theorem corollary2:
  fixes n :: nat and \<phi> :: "real \<Rightarrow> real"
  assumes cont: "continuous_on {0..} \<phi>"
    and bv: "\<And>m. m \<le> n \<Longrightarrow> bounded_variation_on {0..} (\<lambda>x. x ^ m * \<phi> x)"
    and little_o: "\<phi> \<in> o[at_top](\<lambda>x. 1 / x ^ n)"
    and L1: "set_integrable lborel {0<..} (\<lambda>x. x ^ n * \<phi> x)"
  defines "\<Phi> \<equiv> (\<lambda>t. RS_integral_0_inf (\<lambda>x. cis (t * x)) \<phi>)"
    and "\<Phi>n \<equiv> (\<lambda>t. RS_integral_0_inf (\<lambda>x. (\<i> * of_real x) ^ n * cis (t * x)) \<phi>)"
    and "\<Psi> \<equiv> (\<lambda>t. RS_integral_0_inf (\<lambda>x. cis (t * x)) (\<lambda>x. x ^ n * \<phi> x))"
  shows "(\<exists>D :: nat \<Rightarrow> real \<Rightarrow> complex.
            D 0 = \<Phi> \<and>
            (\<forall>k<n. \<forall>t>0. (D k has_vector_derivative D (Suc k) t) (at t)) \<and>
            (\<forall>t>0. D n t = \<Phi>n t))
         \<and> ((\<Phi>n \<longlongrightarrow> 0) at_infinity \<longleftrightarrow> (\<exists>L. (\<Psi> \<longlongrightarrow> L) at_infinity))"
proof
  have int: "set_integrable lborel {0..} (\<lambda>x. x ^ j * \<phi> x)" if "j \<le> n" for j
    using set_integrable_power_mult_Ici[OF cont L1 that] .
  have lim: "((\<lambda>x. x ^ j * \<phi> x) \<longlongrightarrow> 0) at_top" if "j \<le> n" for j
    using power_mult_tendsto_0[OF little_o that] .
  define D where "D k t = RS_integral_0_inf (\<lambda>x. (\<i> * of_real x) ^ k * cis (t * x)) \<phi>" for k t
  have "(D k has_vector_derivative D (Suc k) t) (at t)" if "k < n" for k t
    unfolding D_def[abs_def] using that
    by (intro RS_integral_0_inf_power_cis_has_vector_derivative cont int lim) auto
  then show "\<exists>D. D 0 = \<Phi> \<and> (\<forall>k<n. \<forall>t>0. (D k has_vector_derivative D (Suc k) t) (at t)) \<and> (\<forall>t>0. D n t = \<Phi>n t)"
    by (intro exI[of _ D]) (simp add: D_def \<Phi>_def \<Phi>n_def fun_eq_iff)
  show "(\<Phi>n \<longlongrightarrow> 0) at_infinity \<longleftrightarrow> (\<exists>L. (\<Psi> \<longlongrightarrow> L) at_infinity)"
    unfolding \<Phi>n_def \<Psi>_def by (intro RS_integral_0_inf_power_cis_tendsto_0_iff cont bv int lim) auto
qed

================

TASK OBJECTIVE: Copy the records above exactly, please, but only from the first line through the line containing "n \<Longrightarrow> bounded_variation_on".

RESPONSE BELOW:
theorem corollary2:
  fixes n :: nat and \<phi> :: "real \<Rightarrow> real"
  assumes cont: "continuous_on {0..} \<phi>"
    and bv: "\<And>m. m \<le> n \<Longrightarrow> bounded_variation_on {0..} (\<lambda>x. x ^ m * \<phi> x)"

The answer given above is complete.